lemma wp_ssm_coeff_simps:
  "wp_ssm_coeff f GF p (Inl u) (Inl v) (Inl w) = 0"
  "wp_ssm_coeff f GF p (Inl u) (Inl v) (Inr j) = 0"
  "wp_ssm_coeff f GF p (Inl u) (Inr i) (Inl w) = 0"
  "wp_ssm_coeff f GF p (Inl u) (Inr i) (Inr j)
     = (f (tcoord p) * deriv f (tcoord p) - f (tcoord p)^2) * GF (xcoord p) $ i $ j"
  "wp_ssm_coeff f GF p (Inr k) (Inl v) (Inl w) = 0"
  "wp_ssm_coeff f GF p (Inr k) (Inl v) (Inr j)
     = (if k = j then deriv f (tcoord p) / f (tcoord p) else 0)"
  "wp_ssm_coeff f GF p (Inr k) (Inr i) (Inl w)
     = (if k = i then deriv f (tcoord p) / f (tcoord p) - 1 else 0)"
  "wp_ssm_coeff f GF p (Inr k) (Inr i) (Inr j) = christoffel GF (xcoord p) k i j"
  by (simp_all add: wp_ssm_coeff_def)

subsection \<open>Curvature of the semi-symmetric connection\<close>

locale lorentzian_warped_product =
  fixes I :: "real set" and f :: "real \<Rightarrow> real"
    and U :: "(real^'n::finite) set" and GF :: "real^'n \<Rightarrow> real^'n^'n"
  assumes open_I: "open I" and f_pos: "\<forall>t\<in>I. f t > 0"
    and f_differentiable: "\<forall>t\<in>I. f differentiable at t"
    and deriv_f_differentiable: "\<forall>t\<in>I. deriv f differentiable at t"
    and metric_F: "semi_riem_metric U GF"
begin

abbreviation "D \<equiv> wp_domain I U"
abbreviation "G \<equiv> wp_metric f GF"
abbreviation "f1 \<equiv> deriv f"
abbreviation "f2 \<equiv> deriv (deriv f)"

lemma open_U: "open U"
  using metric_F by (simp add: semi_riem_metric_def)

lemma GF_transpose: "\<forall>x\<in>U. transpose (GF x) = GF x"
  using metric_F by (simp add: semi_riem_metric_def)

lemma GF_sym: "x \<in> U \<Longrightarrow> GF x $ i $ j = GF x $ j $ i"
  using GF_transpose by (simp add: transpose_eq_imp_entry_sym)

lemma GF_invertible: "x \<in> U \<Longrightarrow> invertible (GF x)"
  using metric_F by (simp add: semi_riem_metric_def)

lemma GF_differentiable:
  assumes "x \<in> U"
  shows "(\<lambda>s. GF (x + s *\<^sub>R axis k 1) $ i $ j) differentiable (at 0)"
proof -
  have "smooth_on_coord U (\<lambda>x. GF x $ i $ j)"
    using metric_F by (simp add: semi_riem_metric_def)
  then show ?thesis
    using assms iter_partials.base unfolding smooth_on_coord_def by fastforce
qed

lemma f_deriv: "t \<in> I \<Longrightarrow> (f has_real_derivative f1 t) (at t)"
  using f_differentiable by (simp add: DERIV_deriv_iff_real_differentiable)

lemma f1_deriv: "t \<in> I \<Longrightarrow> (f1 has_real_derivative f2 t) (at t)"
  using deriv_f_differentiable by (simp add: DERIV_deriv_iff_real_differentiable)

lemma mem_D_iff: "p \<in> D \<longleftrightarrow> tcoord p \<in> I \<and> xcoord p \<in> U"
  by (simp add: wp_domain_def)

lemma f_tcoord_nonzero: "p \<in> D \<Longrightarrow> f (tcoord p) \<noteq> 0"
  using f_pos by (fastforce simp: mem_D_iff)

lemma open_D: "open D"
proof -
  have "D = tcoord -` I \<inter> xcoord -` U" by (auto simp: wp_domain_def)
  moreover have "open (tcoord -` I :: (real^(unit+'n)) set)"
    unfolding tcoord_def by (rule open_vimage_vec_nth[OF open_I])
  moreover have "open (xcoord -` U :: (real^(unit+'n)) set)"
  proof (rule continuous_open_vimage[OF open_U])
    fix x :: "real^(unit+'n)"
    show "continuous (at x) xcoord" unfolding xcoord_def isCont_def
      by (rule tendsto_vec_lambda) (intro tendsto_intros)
  qed
  ultimately show ?thesis by auto
qed

lemma wp_metric_inverse:
  assumes p: "p \<in> D"
  shows "G p ** wp_metric_inv f GF p = mat 1" "wp_metric_inv f GF p ** G p = mat 1"
proof -
  have x: "xcoord p \<in> U" using p by (simp add: mem_D_iff)
  have fnz: "f (tcoord p) \<noteq> 0" using f_tcoord_nonzero[OF p] .
  have "(G p ** wp_metric_inv f GF p) $ a $ b = mat 1 $ a $ b" for a b
    using sum_type_cases[of a] sum_type_cases[of b]
    by (elim disjE exE) (simp_all add: matrix_matrix_mult_def sum_UNIV_Plus mat_def fnz
        matrix_inv_mult_entry(2)[OF GF_invertible[OF x]])
  then show *: "G p ** wp_metric_inv f GF p = mat 1" by (simp add: vec_eq_iff)
  from * show "wp_metric_inv f GF p ** G p = mat 1" using matrix_left_right_inverse by blast
qed

lemma matrix_inv_wp_metric: "p \<in> D \<Longrightarrow> matrix_inv (G p) = wp_metric_inv f GF p"
  using wp_metric_inverse matrix_inv_unique by blast

lemma invertible_wp_metric: "p \<in> D \<Longrightarrow> invertible (G p)"
  using wp_metric_inverse unfolding invertible_def by blast

lemma transpose_wp_metric: "p \<in> D \<Longrightarrow> transpose (G p) = G p"
proof -
  assume p: "p \<in> D"
  have "G p $ b $ a = G p $ a $ b" for a b
    using sum_type_cases[of a] sum_type_cases[of b] GF_sym p
    by (elim disjE exE) (simp_all add: mem_D_iff)
  then show ?thesis by (simp add: vec_eq_iff transpose_def)
qed

lemma pd_wp_metric_t:
  assumes p: "p \<in> D"
  shows "pd (\<lambda>y. f (tcoord y)^2 * GF (xcoord y) $ i $ j) (Inl ()) p
       = 2 * f (tcoord p) * f1 (tcoord p) * GF (xcoord p) $ i $ j"
proof -
  have "tcoord p \<in> I" using p by (simp add: mem_D_iff)
  then have "((\<lambda>s. f s ^ 2) has_real_derivative 2 * f (tcoord p) * f1 (tcoord p)) (at (tcoord p))"
    using f_deriv by (auto intro!: derivative_eq_intros)
  from pd_product_t[where C = "\<lambda>z. GF z $ i $ j", OF this] show ?thesis by simp
qed

lemma pd_wp_metric_x:
  assumes p: "p \<in> D"
  shows "pd (\<lambda>y. f (tcoord y)^2 * GF (xcoord y) $ i $ j) (Inr k) p
       = f (tcoord p)^2 * pd (\<lambda>z. GF z $ i $ j) k (xcoord p)"
proof -
  have "xcoord p \<in> U" using p by (simp add: mem_D_iff)
  from pd_product_x[where F = "\<lambda>s. f s ^ 2" and H = "\<lambda>z. GF z $ i $ j", OF GF_differentiable[OF this]]
  show ?thesis by simp
qed

lemma christoffel_wp_metric:
  assumes p: "p \<in> D"
  defines "t \<equiv> tcoord p" and "x \<equiv> xcoord p"
  shows "christoffel G p (Inl ()) (Inl ()) (Inl ()) = 0"
    "christoffel G p (Inl ()) (Inl ()) (Inr j) = 0"
    "christoffel G p (Inl ()) (Inr i) (Inl ()) = 0"
    "christoffel G p (Inl ()) (Inr i) (Inr j) = f t * f1 t * GF x $ i $ j"
    "christoffel G p (Inr k) (Inl ()) (Inl ()) = 0"
    "christoffel G p (Inr k) (Inl ()) (Inr j) = (if k = j then f1 t / f t else 0)"
    "christoffel G p (Inr k) (Inr i) (Inl ()) = (if k = i then f1 t / f t else 0)"
    "christoffel G p (Inr k) (Inr i) (Inr j) = christoffel GF x k i j"
proof -
  have xU: "x \<in> U" using p by (simp add: mem_D_iff x_def)
  have fnz: "f t \<noteq> 0" using f_tcoord_nonzero[OF p] by (simp add: t_def)
  note simps = christoffel_def matrix_inv_wp_metric[OF p] sum_UNIV_Plus
     pd_wp_metric_t[OF p] pd_wp_metric_x[OF p] pd_const t_def[symmetric] x_def[symmetric]
  show "christoffel G p (Inl ()) (Inl ()) (Inl ()) = 0"
    "christoffel G p (Inl ()) (Inl ()) (Inr j) = 0"
    "christoffel G p (Inl ()) (Inr i) (Inl ()) = 0"
    "christoffel G p (Inl ()) (Inr i) (Inr j) = f t * f1 t * GF x $ i $ j"
    "christoffel G p (Inr k) (Inl ()) (Inl ()) = 0"
    by (simp_all add: simps)
  have mixed: "(\<Sum>l\<in>UNIV. matrix_inv (GF x) $ k $ l / f t ^ 2 * (2 * f t * f1 t * GF x $ j $ l)) / 2
       = (if k = j then f1 t / f t else 0)" for j
  proof -
    have "(\<Sum>l\<in>UNIV. matrix_inv (GF x) $ k $ l / f t ^ 2 * (2 * f t * f1 t * GF x $ j $ l)) / 2
        = (f1 t / f t) * (\<Sum>l\<in>UNIV. matrix_inv (GF x) $ k $ l * GF x $ l $ j)"
      using fnz by (simp add: sum_distrib_left sum_divide_distrib GF_sym[OF xU, of j]
          power2_eq_square field_simps)
    then show ?thesis by (simp add: matrix_inv_mult_entry(1)[OF GF_invertible[OF xU]])
  qed
  show "christoffel G p (Inr k) (Inl ()) (Inr j) = (if k = j then f1 t / f t else 0)"
    using mixed[of j] by (simp add: simps)
  show "christoffel G p (Inr k) (Inr i) (Inl ()) = (if k = i then f1 t / f t else 0)"
    using mixed[of i] by (simp add: simps)
  have "(\<Sum>l\<in>UNIV. matrix_inv (GF x) $ k $ l / f t ^ 2 *
          (f t ^ 2 * pd (\<lambda>z. GF z $ j $ l) i x + f t ^ 2 * pd (\<lambda>z. GF z $ i $ l) j x
           - f t ^ 2 * pd (\<lambda>z. GF z $ i $ j) l x))
      = (\<Sum>l\<in>UNIV. matrix_inv (GF x) $ k $ l *
          (pd (\<lambda>z. GF z $ j $ l) i x + pd (\<lambda>z. GF z $ i $ l) j x - pd (\<lambda>z. GF z $ i $ j) l x))"
    using fnz by (intro sum.cong) (simp_all add: field_simps)
  then show "christoffel G p (Inr k) (Inr i) (Inr j) = christoffel GF x k i j"
    by (simp add: simps)
qed

lemma ssm_coeff_wp_metric:
  assumes "p \<in> D"
  shows "ssm_coeff G dt_field p k i j = wp_ssm_coeff f GF p k i j"
  using sum_type_cases[of k] sum_type_cases[of i] sum_type_cases[of j]
  by (elim disjE exE) (simp_all add: ssm_coeff_def christoffel_wp_metric[OF assms] sum_UNIV_Plus
      wp_ssm_coeff_simps algebra_simps power2_eq_square)

lemma ricci_wp_eq_curv_trace:
  assumes p: "p \<in> D"
  shows "ricci G (ssm_coeff G dt_field) p i k = (\<Sum>a\<in>UNIV. curv (wp_ssm_coeff f GF) p a i a k)"
proof -
  have coeff: "\<forall>y\<in>D. ssm_coeff G dt_field y a b c = wp_ssm_coeff f GF y a b c" for a b c
    using ssm_coeff_wp_metric by blast
  have "curv (ssm_coeff G dt_field) p l i j k = curv (wp_ssm_coeff f GF) p l i j k" for l i j k
    unfolding curv_def by (simp add: pd_cong[OF open_D p coeff] ssm_coeff_wp_metric[OF p])
  then show ?thesis
    by (simp add: ricci_eq_curv_trace[of G p, OF transpose_wp_metric[OF p] invertible_wp_metric[OF p]])
qed

lemma pd_wp_ssm_coeff:
  assumes p: "p \<in> D"
  defines "t \<equiv> tcoord p" and "x \<equiv> xcoord p"
  shows
   "pd (\<lambda>y. wp_ssm_coeff f GF y (Inr A) (Inr B) (Inl ())) (Inl ()) p
      = (if A = B then (f2 t * f t - f1 t * f1 t) / (f t * f t) else 0)"
   "pd (\<lambda>y. wp_ssm_coeff f GF y (Inl ()) (Inr B) (Inr K)) (Inl ()) p
      = (f1 t * f1 t + f t * f2 t - 2 * f t * f1 t) * GF x $ B $ K"
   "pd (\<lambda>y. wp_ssm_coeff f GF y (Inr A) (Inr B) (Inr K)) (Inr J) p
      = pd (\<lambda>z. christoffel GF z A B K) J x"
   "pd (\<lambda>y. wp_ssm_coeff f GF y (Inr A) (Inr B) (Inr K)) (Inl ()) p = 0"
   "pd (\<lambda>y. wp_ssm_coeff f GF y (Inr A) (Inl ()) (Inr K)) (Inr J) p = 0"
   "pd (\<lambda>y. wp_ssm_coeff f GF y (Inr A) (Inr B) (Inl ())) (Inr J) p = 0"
   "pd (\<lambda>y. wp_ssm_coeff f GF y (Inl ()) (Inl ()) c) d p = 0"
   "pd (\<lambda>y. wp_ssm_coeff f GF y (Inl ()) (Inr B) (Inl ())) d p = 0"
   "pd (\<lambda>y. wp_ssm_coeff f GF y (Inr A) (Inl ()) (Inl ())) d p = 0"
proof -
  have tI: "t \<in> I" using p by (simp add: mem_D_iff t_def)
  have fnz: "f t \<noteq> 0" using f_tcoord_nonzero[OF p] by (simp add: t_def)
  have "((\<lambda>s. f1 s / f s - 1) has_real_derivative (f2 t * f t - f1 t * f1 t) / (f t * f t)) (at t)"
    using f_deriv[OF tI] f1_deriv[OF tI] fnz
    by (auto intro!: derivative_eq_intros simp: power2_eq_square)
  from pd_product_t[of "\<lambda>s. f1 s / f s - 1", OF this[unfolded t_def], of "\<lambda>_. 1"]
  show "pd (\<lambda>y. wp_ssm_coeff f GF y (Inr A) (Inr B) (Inl ())) (Inl ()) p
      = (if A = B then (f2 t * f t - f1 t * f1 t) / (f t * f t) else 0)"
    by (simp add: wp_ssm_coeff_simps pd_const t_def)
  have "((\<lambda>s. f s * f1 s - f s ^ 2) has_real_derivative (f1 t * f1 t + f t * f2 t - 2 * f t * f1 t)) (at t)"
    using f_deriv[OF tI] f1_deriv[OF tI]
    by (auto intro!: derivative_eq_intros simp: power2_eq_square)
  from pd_product_t[of "\<lambda>s. f s * f1 s - f s ^ 2", OF this[unfolded t_def], of "\<lambda>z. GF z $ B $ K"]
  show "pd (\<lambda>y. wp_ssm_coeff f GF y (Inl ()) (Inr B) (Inr K)) (Inl ()) p
      = (f1 t * f1 t + f t * f2 t - 2 * f t * f1 t) * GF x $ B $ K"
    by (simp add: wp_ssm_coeff_simps t_def x_def)
  show "pd (\<lambda>y. wp_ssm_coeff f GF y (Inr A) (Inr B) (Inr K)) (Inr J) p
      = pd (\<lambda>z. christoffel GF z A B K) J x"
    using pd_xcoord_fun_x[of "\<lambda>z. christoffel GF z A B K"] by (simp add: wp_ssm_coeff_simps x_def)
  show "pd (\<lambda>y. wp_ssm_coeff f GF y (Inr A) (Inr B) (Inr K)) (Inl ()) p = 0"
    using pd_xcoord_fun_t[of "\<lambda>z. christoffel GF z A B K"] by (simp add: wp_ssm_coeff_simps)
  show "pd (\<lambda>y. wp_ssm_coeff f GF y (Inr A) (Inl ()) (Inr K)) (Inr J) p = 0"
    using pd_tcoord_fun_x[of "\<lambda>s. if A = K then f1 s / f s else 0"] by (simp add: wp_ssm_coeff_simps)
  show "pd (\<lambda>y. wp_ssm_coeff f GF y (Inr A) (Inr B) (Inl ())) (Inr J) p = 0"
    using pd_tcoord_fun_x[of "\<lambda>s. if A = B then f1 s / f s - 1 else 0"]
    by (simp add: wp_ssm_coeff_simps)
  show "pd (\<lambda>y. wp_ssm_coeff f GF y (Inl ()) (Inl ()) c) d p = 0"
    using sum_type_cases[of c] by (auto simp: wp_ssm_coeff_simps pd_const)
  show "pd (\<lambda>y. wp_ssm_coeff f GF y (Inl ()) (Inr B) (Inl ())) d p = 0"
    "pd (\<lambda>y. wp_ssm_coeff f GF y (Inr A) (Inl ()) (Inl ())) d p = 0"
    by (simp_all add: wp_ssm_coeff_simps pd_const)
qed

• • • •

Required work:
In your reply, restate exactly the lines from the start of the records above through the line holding "using GF_transpose by", including both, and nothing else.

Solution to this task:
lemma wp_ssm_coeff_simps:
  "wp_ssm_coeff f GF p (Inl u) (Inl v) (Inl w) = 0"
  "wp_ssm_coeff f GF p (Inl u) (Inl v) (Inr j) = 0"
  "wp_ssm_coeff f GF p (Inl u) (Inr i) (Inl w) = 0"
  "wp_ssm_coeff f GF p (Inl u) (Inr i) (Inr j)
     = (f (tcoord p) * deriv f (tcoord p) - f (tcoord p)^2) * GF (xcoord p) $ i $ j"
  "wp_ssm_coeff f GF p (Inr k) (Inl v) (Inl w) = 0"
  "wp_ssm_coeff f GF p (Inr k) (Inl v) (Inr j)
     = (if k = j then deriv f (tcoord p) / f (tcoord p) else 0)"
  "wp_ssm_coeff f GF p (Inr k) (Inr i) (Inl w)
     = (if k = i then deriv f (tcoord p) / f (tcoord p) - 1 else 0)"
  "wp_ssm_coeff f GF p (Inr k) (Inr i) (Inr j) = christoffel GF (xcoord p) k i j"
  by (simp_all add: wp_ssm_coeff_def)

subsection \<open>Curvature of the semi-symmetric connection\<close>

locale lorentzian_warped_product =
  fixes I :: "real set" and f :: "real \<Rightarrow> real"
    and U :: "(real^'n::finite) set" and GF :: "real^'n \<Rightarrow> real^'n^'n"
  assumes open_I: "open I" and f_pos: "\<forall>t\<in>I. f t > 0"
    and f_differentiable: "\<forall>t\<in>I. f differentiable at t"
    and deriv_f_differentiable: "\<forall>t\<in>I. deriv f differentiable at t"
    and metric_F: "semi_riem_metric U GF"
begin

abbreviation "D \<equiv> wp_domain I U"
abbreviation "G \<equiv> wp_metric f GF"
abbreviation "f1 \<equiv> deriv f"
abbreviation "f2 \<equiv> deriv (deriv f)"

lemma open_U: "open U"
  using metric_F by (simp add: semi_riem_metric_def)

lemma GF_transpose: "\<forall>x\<in>U. transpose (GF x) = GF x"
  using metric_F by (simp add: semi_riem_metric_def)

lemma GF_sym: "x \<in> U \<Longrightarrow> GF x $ i $ j = GF x $ j $ i"
  using GF_transpose by (simp add: transpose_eq_imp_entry_sym)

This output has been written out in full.